═════ Source material

lemma H1_mult_cnj_integrable:
  fixes f f' g :: "real \<Rightarrow> complex"
  assumes "H1 L f f'" and "g absolutely_integrable_on {0..L}"
  shows "(\<lambda>x. f x * cnj (g x)) integrable_on {0..L}"
proof -
  have "(\<lambda>x. cnj (g x)) absolutely_integrable_on {0..L}"
    using assms(2) unfolding absolutely_integrable_on_def by (simp add: integrable_on_cnj_iff)
  then have "(\<lambda>x. cnj (g x) * f x) absolutely_integrable_on {0..L}"
    by (rule absolutely_integrable_mult_continuous[OF _ H1_continuous_on[OF assms(1)]])
  then show ?thesis
    by (simp add: set_lebesgue_integral_eq_integral(1) mult.commute)
qed

lemma Re_interior_integrals_eq_boundary:
  fixes w1 v v1 q1 q2 p1 :: "real \<Rightarrow> complex" and P :: "real \<Rightarrow> real"
  assumes L: "0 \<le> L" and v: "H1 L v v1" and Pw: "H1 L (\<lambda>x. of_real (P x) * w1 x) q1"
    and q: "H1 L q1 q2" and Pv: "H1 L (\<lambda>x. of_real (P x) * v1 x) p1"
  shows "Re (integral {0..L} (\<lambda>x. of_real \<gamma> * q1 x * cnj (p1 x) + of_real (P x) * w1 x * cnj (v1 x)))
       + Re (integral {0..L} (\<lambda>x. of_real (\<gamma> * P x) * v1 x * cnj (q2 x) + v x * cnj (q1 x)))
       = \<gamma> * Re (q1 L * cnj (of_real (P L) * v1 L) - q1 0 * cnj (of_real (P 0) * v1 0))
         + Re (v L * cnj (of_real (P L) * w1 L) - v 0 * cnj (of_real (P 0) * w1 0))"
    (is "Re (integral _ ?I1) + Re (integral _ ?I2) = ?B")
proof -
  have "?I1 integrable_on {0..L}"
    using integrable_on_cmult_left[OF H1_mult_cnj_integrable[OF q H1_absolutely_integrable[OF Pv]], of \<gamma>]
      H1_mult_cnj_integrable[OF Pw H1_absolutely_integrable[OF v]]
    by (auto simp: mult.assoc intro: integrable_add)
  moreover have "?I2 integrable_on {0..L}"
    using integrable_on_cmult_left[OF H1_mult_cnj_integrable[OF Pv H1_absolutely_integrable[OF q]], of \<gamma>]
      H1_mult_cnj_integrable[OF v H1_absolutely_integrable[OF Pw]]
    by (auto simp: mult.assoc mult.left_commute intro: integrable_add)
  ultimately have "((\<lambda>x. Re (?I1 x) + Re (?I2 x)) has_integral
      (Re (integral {0..L} ?I1) + Re (integral {0..L} ?I2))) {0..L}"
    by (intro has_integral_add has_integral_Re integrable_integral)
  moreover have "((\<lambda>x. Re (?I1 x) + Re (?I2 x)) has_integral ?B) {0..L}"
  proof -
    have "((\<lambda>x. \<gamma> * Re (q2 x * cnj (of_real (P x) * v1 x) + q1 x * cnj (p1 x))
        + Re (v1 x * cnj (of_real (P x) * w1 x) + v x * cnj (q1 x))) has_integral ?B) {0..L}"
      by (intro has_integral_add has_integral_mult_right has_integral_Re
          H1_integration_by_parts_cnj[OF L q Pv] H1_integration_by_parts_cnj[OF L v Pw])
    \<comment> \<open>the integrands agree only in their real parts, e.g. \<open>Re (P v' cnj q2) = Re (q2 cnj (P v'))\<close>\<close>
    then show ?thesis
      by (rule has_integral_eq[rotated]) (simp add: algebra_simps)
  qed
  ultimately show ?thesis
    by (rule has_integral_unique)
qed

text \<open>The arguments are \<open>\<alpha>\<^sub>1, \<alpha>\<^sub>2, \<gamma>, P(0), v(0), v'(0), w(0), w'(0)\<close> and the feedback
  value \<open>F\<close>; there are no terms at \<open>x = L\<close> because they cancel.\<close>

definition boundary_form ::
    "real \<Rightarrow> real \<Rightarrow> real \<Rightarrow> real \<Rightarrow> complex \<Rightarrow> complex \<Rightarrow> complex \<Rightarrow> complex \<Rightarrow> complex \<Rightarrow> real" where
  "boundary_form a1 a2 \<gamma> P0 v0 dv0 w0 dw0 F =
     Re (of_real a2 * w0 * cnj v0 + of_real (a2 * \<gamma>) * v0 * cnj F
         - of_real (a1 * P0) * (of_real \<gamma> * F * cnj dv0 + v0 * cnj dw0)
         + (1/2) * (v0 - of_real (2 * a1 * P0) * dw0 + of_real (2 * a2) * w0)
           * cnj (F - of_real (2 * a1 * P0) * dv0 + of_real (2 * a2) * v0))"

lemma Re_ipH_Az_eq_boundary_form:
  fixes w w1 v v1 q1 q2 p1 :: "real \<Rightarrow> complex" and P :: "real \<Rightarrow> real"
  assumes L: "0 \<le> L" and v: "H1 L v v1" and Pw: "H1 L (\<lambda>x. of_real (P x) * w1 x) q1"
    and q: "H1 L q1 q2" and Pv: "H1 L (\<lambda>x. of_real (P x) * v1 x) p1"
    and qL: "q1 L = - w1 L" and q0: "q1 0 = F"
  shows "Re (ipH L P a1 a2 \<gamma> (w, w1, q1, v, v1, v L, v 0) (v, v1, p1, q1, q2, - w1 L, F))
       = boundary_form a1 a2 \<gamma> (P 0) (v 0) (v1 0) (w 0) (w1 0) F"
proof -
  define J1 where "J1 = integral {0..L} (\<lambda>x. of_real \<gamma> * q1 x * cnj (p1 x) + of_real (P x) * w1 x * cnj (v1 x))"
  define J2 where "J2 = integral {0..L} (\<lambda>x. of_real (\<gamma> * P x) * v1 x * cnj (q2 x) + v x * cnj (q1 x))"
  define B where "B = \<gamma> * Re (- w1 L * cnj (of_real (P L) * v1 L) - F * cnj (of_real (P 0) * v1 0))
      + Re (v L * cnj (of_real (P L) * w1 L) - v 0 * cnj (of_real (P 0) * w1 0))"
  have interior: "Re J1 + Re J2 = B"
    using Re_interior_integrals_eq_boundary[OF L v Pw q Pv, of \<gamma>]
    unfolding J1_def J2_def B_def qL q0 .
  have "Re (ipH L P a1 a2 \<gamma> (w, w1, q1, v, v1, v L, v 0) (v, v1, p1, q1, q2, - w1 L, F))
      - boundary_form a1 a2 \<gamma> (P 0) (v 0) (v1 0) (w 0) (w1 0) F = a1 * (Re J1 + Re J2 - B)"
    unfolding ipH_def prod.case unfolding J1_def[symmetric] J2_def[symmetric] boundary_form_def B_def
    by (simp add: algebra_simps)
  then show ?thesis
    using interior by simp
qed

definition dissipation_form :: "real \<Rightarrow> real \<Rightarrow> real \<Rightarrow> real \<Rightarrow> real \<Rightarrow> real \<Rightarrow> real" where
  "dissipation_form a b \<gamma> v x y =
     - v\<^sup>2 / 2 + (b - a + 1) / 2 * x * v - b / 2 * x\<^sup>2 + \<gamma> / 2 * (((b - a) * v - b * x) * y - y\<^sup>2)"

lemma quadratic_form_nonneg:
  fixes d1 d2 e u x :: real
  assumes "d1 > 0" and "e\<^sup>2 \<le> 4 * d1 * d2"
  shows "d1 * u\<^sup>2 - e * u * x + d2 * x\<^sup>2 \<ge> 0"
proof -
  have "4 * d1 * (d1 * u\<^sup>2 - e * u * x + d2 * x\<^sup>2) = (2 * d1 * u - e * x)\<^sup>2 + (4 * d1 * d2 - e\<^sup>2) * x\<^sup>2"
    by (simp add: algebra_simps power2_eq_square)
  also have "\<dots> \<ge> 0"
    using assms by simp
  finally show ?thesis
    using assms(1) by (simp add: zero_le_mult_iff)
qed

text \<open>\<open>(a + b - 1)\<^sup>2 < 4ab\<close> is equivalent to \<open>((b - a + 1)/2)\<^sup>2 < b\<close>, the negative
  definiteness of \<open>dissipation_form a b 0\<close> in \<open>(v, x)\<close>.\<close>

lemma dissipation_form_nonpos:
  fixes a b :: real
  assumes "a > 0" and "b > 0" and "(a + b - 1)\<^sup>2 < 4 * a * b"
  shows "\<exists>\<gamma>0>0. \<forall>\<gamma>. 0 < \<gamma> \<and> \<gamma> < \<gamma>0 \<longrightarrow> (\<forall>v x y. dissipation_form a b \<gamma> v x y \<le> 0)"
proof -
  define B where "B = (b - a + 1) / 2"
  have B: "B\<^sup>2 < b"
    using assms(3) unfolding B_def by (simp add: power2_eq_square algebra_simps)
  define c where "c = (b - B\<^sup>2) / (2 * (1 + b))"
  have c_pos: "c > 0"
    using B assms by (simp add: c_def)
  have c_half: "c < 1/2"
    using assms unfolding c_def by (simp add: divide_simps) (smt (verit) zero_le_power2[of B])
  have c_disc: "B\<^sup>2 \<le> 4 * (1/2 - c) * (b/2 - c)"
  proof -
    have "c * (2 * (1 + b)) = b - B\<^sup>2"
      unfolding c_def using assms by (simp add: field_simps)
    then show ?thesis
      using zero_le_power2[of c] by (simp add: algebra_simps power2_eq_square)
  qed
  define M where "M = (b - a)\<^sup>2 + b\<^sup>2 + 1"
  have M_pos: "M > 0"
    unfolding M_def by (simp add: add_nonneg_pos)
  show ?thesis
  proof (intro exI[of _ "4 * c / M"] conjI allI impI)
    show "4 * c / M > 0"
      using c_pos M_pos by simp
    fix \<gamma> v x y :: real
    assume \<gamma>: "0 < \<gamma> \<and> \<gamma> < 4 * c / M"
    have "(1/2 - c) * v\<^sup>2 - B * v * x + (b/2 - c) * x\<^sup>2 \<ge> 0"
      using c_half c_disc by (intro quadratic_form_nonneg) auto
    then have vx: "- v\<^sup>2 / 2 + B * x * v - b / 2 * x\<^sup>2 \<le> - c * (v\<^sup>2 + x\<^sup>2)"
      by (simp add: algebra_simps)
    have "((b - a) * v - b * x) * y - y\<^sup>2 \<le> ((b - a)\<^sup>2 * v\<^sup>2 + b\<^sup>2 * x\<^sup>2) / 2"
      using sum_power2_ge_zero[of "y - (b - a) * v" "y + b * x"]
      by (simp add: power2_eq_square algebra_simps)
    also have "\<dots> \<le> M * (v\<^sup>2 + x\<^sup>2) / 2"
      unfolding M_def by (simp add: algebra_simps)
    finally have "\<gamma> / 2 * (((b - a) * v - b * x) * y - y\<^sup>2) \<le> (\<gamma> * M) * (v\<^sup>2 + x\<^sup>2) / 4"
      using \<gamma> by (simp add: mult_left_mono)
    also have "\<dots> \<le> c * (v\<^sup>2 + x\<^sup>2)"
    proof -
      have "\<gamma> * M \<le> 4 * c"
        using \<gamma> M_pos by (simp add: field_simps)
      then show ?thesis
        using mult_right_mono[of "\<gamma> * M" "4 * c" "v\<^sup>2 + x\<^sup>2"] by simp
    qed
    finally show "dissipation_form a b \<gamma> v x y \<le> 0"
      using vx unfolding dissipation_form_def B_def by simp
  qed
qed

══════════

» **Task prompt**
From the data above, copy every line where "rule" appears.

» **Answer for the task**
    by (rule absolutely_integrable_mult_continuous[OF _ H1_continuous_on[OF assms(1)]])
      by (rule has_integral_eq[rotated]) (simp add: algebra_simps)
    by (rule has_integral_unique)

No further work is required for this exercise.